ESG as business-as-usual and what to look ahead

Corporate responsibility reporting has evolved far beyond being a minor supplement to annual reports. What once appeared as a brief section describing charitable initiatives has gradually transformed into a central element of corporate governance and accountability.

The origins of sustainability reporting lie in the concept of Corporate Social Responsibility (CSR). In its early stages, CSR was largely philanthropic in nature. Companies sought to demonstrate goodwill through donations, community sponsorships, and support for non-profit initiatives. While noble in intention, these activities were often disconnected from a company’s core operations and had limited reflection of its actual social or environmental impact.

Early CSR initiatives therefore focused primarily on the idea of “giving back.” Businesses emphasised charitable contributions, community events, and volunteer activities that showcased corporate benevolence. However, these efforts rarely addressed how the company’s day-to-day operations affected society, the environment, or broader economic systems.

Today, sustainability reporting has entered a new phase driven by regulatory momentum and growing stakeholder expectations. Governments, investors, and the public increasingly demand transparency and accountability from corporations. As a result, sustainability reporting now requires robust and auditable data rather than broad statements of intent. Investors, in particular, are pushing for clearer links between environmental, social, and governance (ESG) metrics and long-term financial performance.

In this new era, ESG considerations extend well beyond environmental issues. Companies are now expected to report on workforce stability, employee safety, diversity and inclusion, and board oversight.

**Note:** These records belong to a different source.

lemma prob_max_sum:
  "prob {\<omega>\<in>space M. y < max 0 (W \<omega> + X 0 \<omega>)} =
    prob {\<omega>\<in>space M. y < W \<omega> + X 0 \<omega>} + (if y < 0 then cdf_sum y else 0)"
proof (cases "y < 0")
  case True
  have "prob (space M - {\<omega>\<in>space M. y < W \<omega> + X 0 \<omega>}) = 1 - prob {\<omega>\<in>space M. y < W \<omega> + X 0 \<omega>}"
    by (rule prob_compl) auto
  moreover have "space M - {\<omega>\<in>space M. y < W \<omega> + X 0 \<omega>} = {\<omega>\<in>space M. X 0 \<omega> + W \<omega> \<le> y}"
    by auto
  moreover have "{\<omega>\<in>space M. y < max 0 (W \<omega> + X 0 \<omega>)} = space M"
    using True by auto
  ultimately show ?thesis
    using True by (simp add: cdf_sum_def prob_space[symmetric])
next
  case False
  then have "{\<omega>\<in>space M. y < max 0 (W \<omega> + X 0 \<omega>)} = {\<omega>\<in>space M. y < W \<omega> + X 0 \<omega>}"
    by auto
  with False show ?thesis by simp
qed

lemma prob_max_diff:
  "prob {\<omega>\<in>space M. y < max 0 (X 0 \<omega> - W \<omega>)} = (if y < 0 then 1 else tail_diff y)"
proof (cases "y < 0")
  case True
  then have "{\<omega>\<in>space M. y < max 0 (X 0 \<omega> - W \<omega>)} = space M"
    by auto
  with True show ?thesis by (simp add: prob_space[symmetric])
next
  case False
  then have "{\<omega>\<in>space M. y < max 0 (X 0 \<omega> - W \<omega>)} = {\<omega>\<in>space M. y < X 0 \<omega> - W \<omega>}"
    by auto
  with False show ?thesis by (simp add: tail_diff_def)
qed

lemma tail_W_stationary: "tail_W y = p * prob {\<omega>\<in>space M. y < W \<omega> + X 0 \<omega>} + renewal_term y"
  unfolding tail_W_mixture prob_max_sum prob_max_diff renewal_term_def by (simp add: algebra_simps)

lemma nn_integral_X:
  assumes [measurable]: "f \<in> borel_measurable borel"
  shows "(\<integral>\<^sup>+\<omega>. f (X n \<omega>) \<partial>M) = (\<integral>\<^sup>+\<omega>. f (X 0 \<omega>) \<partial>M)"
proof -
  have "(\<integral>\<^sup>+\<omega>. f (X n \<omega>) \<partial>M) = (\<integral>\<^sup>+t. f t \<partial>distr M borel (X n))"
    by (simp add: nn_integral_distr)
  also have "\<dots> = (\<integral>\<^sup>+\<omega>. f (X 0 \<omega>) \<partial>M)"
    by (simp add: ident[of n] nn_integral_distr)
  finally show ?thesis .
qed

lemma tail_W_renewal_equation:
  "ennreal (tail_W y) = ennreal p * (\<integral>\<^sup>+\<omega>. ennreal (tail_W (y - X n \<omega>)) \<partial>M) + ennreal (renewal_term y)"
proof -
  have "ennreal (prob {\<omega>\<in>space M. y < W \<omega> + X 0 \<omega>}) = emeasure M {\<omega>\<in>space M. y < W \<omega> + X 0 \<omega>}"
    by (simp add: emeasure_eq_measure)
  also have "\<dots> = (\<integral>\<^sup>+\<omega>. emeasure M {\<omega>'\<in>space M. y < W \<omega>' + X 0 \<omega>} \<partial>M)"
    by (rule emeasure_indep_var[OF indep_W_X0]) measurable
  also have "\<dots> = (\<integral>\<^sup>+\<omega>. ennreal (tail_W (y - X 0 \<omega>)) \<partial>M)"
  proof (intro nn_integral_cong)
    fix \<omega>
    have "{\<omega>'\<in>space M. y < W \<omega>' + X 0 \<omega>} = {\<omega>'\<in>space M. y - X 0 \<omega> < W \<omega>'}"
      by auto
    then show "emeasure M {\<omega>'\<in>space M. y < W \<omega>' + X 0 \<omega>} = ennreal (tail_W (y - X 0 \<omega>))"
      by (simp add: tail_W_def emeasure_eq_measure)
  qed
  also have "\<dots> = (\<integral>\<^sup>+\<omega>. ennreal (tail_W (y - X n \<omega>)) \<partial>M)"
    by (rule nn_integral_X[symmetric]) measurable
  finally show ?thesis
    using p renewal_term_nonneg
    by (simp add: tail_W_stationary[of y] ennreal_plus ennreal_mult)
qed

lemma tail_W_series:
  "ennreal (tail_W x) = (\<Sum>k. ennreal p ^ k * (\<integral>\<^sup>+\<omega>. ennreal (renewal_term (x - partial_sum k \<omega>)) \<partial>M))"
proof -
  define Q where "Q k = (\<integral>\<^sup>+\<omega>. ennreal (tail_W (x - partial_sum k \<omega>)) \<partial>M)" for k
  have step: "Q k = ennreal p * Q (Suc k) + (\<integral>\<^sup>+\<omega>. ennreal (renewal_term (x - partial_sum k \<omega>)) \<partial>M)" for k
  proof -
    have "Q k = (\<integral>\<^sup>+\<omega>. ennreal p * (\<integral>\<^sup>+\<omega>'. ennreal (tail_W (x - partial_sum k \<omega> - X (Suc k) \<omega>')) \<partial>M)
        + ennreal (renewal_term (x - partial_sum k \<omega>)) \<partial>M)"
      unfolding Q_def by (intro nn_integral_cong tail_W_renewal_equation)
    also have "\<dots> = ennreal p * (\<integral>\<^sup>+\<omega>. (\<integral>\<^sup>+\<omega>'. ennreal (tail_W (x - partial_sum k \<omega> - X (Suc k) \<omega>')) \<partial>M) \<partial>M)
        + (\<integral>\<^sup>+\<omega>. ennreal (renewal_term (x - partial_sum k \<omega>)) \<partial>M)"
      by (simp add: nn_integral_add nn_integral_cmult)
    also have "(\<integral>\<^sup>+\<omega>. (\<integral>\<^sup>+\<omega>'. ennreal (tail_W (x - partial_sum k \<omega> - X (Suc k) \<omega>')) \<partial>M) \<partial>M) =
        (\<integral>\<^sup>+\<omega>. ennreal (tail_W (x - partial_sum k \<omega> - X (Suc k) \<omega>)) \<partial>M)"
      by (rule nn_integral_indep_var[OF indep_X_partial_sum, where f="\<lambda>a s. ennreal (tail_W (x - s - a))", symmetric])
        measurable
    also have "\<dots> = Q (Suc k)"
      unfolding Q_def partial_sum_Suc by (simp add: diff_diff_eq)
    finally show ?thesis .
  qed
  have bounded: "Q k \<le> 1" for k
  proof -
    have "Q k \<le> (\<integral>\<^sup>+\<omega>. 1 \<partial>M)"
      unfolding Q_def tail_W_def by (intro nn_integral_mono) auto
    then show ?thesis by (simp add: emeasure_space_1)
  qed
  have "Q 0 = (\<Sum>k. ennreal p ^ k * (\<integral>\<^sup>+\<omega>. ennreal (renewal_term (x - partial_sum k \<omega>)) \<partial>M))"
    by (rule ennreal_eq_geometric_series[where B=1 and Q=Q and c=p, OF step bounded _ p]) simp
  then show ?thesis
    by (simp add: Q_def partial_sum_def emeasure_space_1)
qed

lemma emeasure_sum_partial_sum:
  "emeasure M {\<omega>\<in>space M. X 0 \<omega> + W \<omega> + partial_sum k \<omega> \<le> x \<and> x < partial_sum k \<omega>} =
    (\<integral>\<^sup>+\<omega>. (if x < partial_sum k \<omega> then ennreal (cdf_sum (x - partial_sum k \<omega>)) else 0) \<partial>M)"
proof -
  have "emeasure M {\<omega>\<in>space M. X 0 \<omega> + W \<omega> + partial_sum k \<omega> \<le> x \<and> x < partial_sum k \<omega>} =
      (\<integral>\<^sup>+\<omega>. emeasure M {\<omega>'\<in>space M. X 0 \<omega>' + W \<omega>' + partial_sum k \<omega> \<le> x \<and> x < partial_sum k \<omega>} \<partial>M)"
    by (rule emeasure_indep_var[OF indep_partial_sum[of "(+)"], where P="\<lambda>u s. u + s \<le> x \<and> x < s"]) measurable
  also have "\<dots> = (\<integral>\<^sup>+\<omega>. (if x < partial_sum k \<omega> then ennreal (cdf_sum (x - partial_sum k \<omega>)) else 0) \<partial>M)"
  proof (intro nn_integral_cong)
    fix \<omega>
    show "emeasure M {\<omega>'\<in>space M. X 0 \<omega>' + W \<omega>' + partial_sum k \<omega> \<le> x \<and> x < partial_sum k \<omega>} =
        (if x < partial_sum k \<omega> then ennreal (cdf_sum (x - partial_sum k \<omega>)) else 0)"
      by (cases "x < partial_sum k \<omega>")
        (auto simp: cdf_sum_def emeasure_eq_measure le_diff_eq intro!: arg_cong[where f="\<lambda>A. ennreal (prob A)"])
  qed
  finally show ?thesis .
qed

lemma emeasure_diff_partial_sum:
  "emeasure M {\<omega>\<in>space M. x < X 0 \<omega> - W \<omega> + partial_sum k \<omega> \<and> partial_sum k \<omega> \<le> x} =
    (\<integral>\<^sup>+\<omega>. (if x < partial_sum k \<omega> then 0 else ennreal (tail_diff (x - partial_sum k \<omega>))) \<partial>M)"
proof -
  have "emeasure M {\<omega>\<in>space M. x < X 0 \<omega> - W \<omega> + partial_sum k \<omega> \<and> partial_sum k \<omega> \<le> x} =
      (\<integral>\<^sup>+\<omega>. emeasure M {\<omega>'\<in>space M. x < X 0 \<omega>' - W \<omega>' + partial_sum k \<omega> \<and> partial_sum k \<omega> \<le> x} \<partial>M)"
    by (rule emeasure_indep_var[OF indep_partial_sum[of "(-)"], where P="\<lambda>u s. x < u + s \<and> s \<le> x"]) measurable
  also have "\<dots> = (\<integral>\<^sup>+\<omega>. (if x < partial_sum k \<omega> then 0 else ennreal (tail_diff (x - partial_sum k \<omega>))) \<partial>M)"
  proof (intro nn_integral_cong)
    fix \<omega>
    show "emeasure M {\<omega>'\<in>space M. x < X 0 \<omega>' - W \<omega>' + partial_sum k \<omega> \<and> partial_sum k \<omega> \<le> x} =
        (if x < partial_sum k \<omega> then 0 else ennreal (tail_diff (x - partial_sum k \<omega>)))"
      by (cases "x < partial_sum k \<omega>")
        (auto simp: tail_diff_def emeasure_eq_measure diff_less_eq intro!: arg_cong[where f="\<lambda>A. ennreal (prob A)"])
  qed
  finally show ?thesis .
qed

Governance quality has become central to establishing ESG credibility, with investors viewing strong governance as a key indicator of sustainable long-term value.

To meet these calls for accountability, organisations are expected implement transparent and actionable policies. Such policies may include measurable targets for reducing carbon emissions, improving workforce diversity, or ensuring ethical sourcing within supply chains. Setting clear ESG goals–based on materiality assessments, benchmarking, and stakeholder feedback–helps ensure that sustainability commitments are both ambitious and achievable.

Importantly, sustainability strategy is not a one-time exercise. It is an iterative process that evolves as companies learn from their performance, adapt to changes in their operating environments, and respond to emerging sustainability challenges. Effective ESG implementation therefore requires collaboration across multiple departments, including procurement, operations, and human resources, to integrate sustainability into everyday decision-making.

Ultimately, building a meaningful sustainability strategy requires more than reporting commitments. It demands a comprehensive ecosystem of systems, reliable data, stakeholder engagement, and clear communication of results that allows companies to translate ESG principles into measurable outcomes, create long-term value, and build investor trust.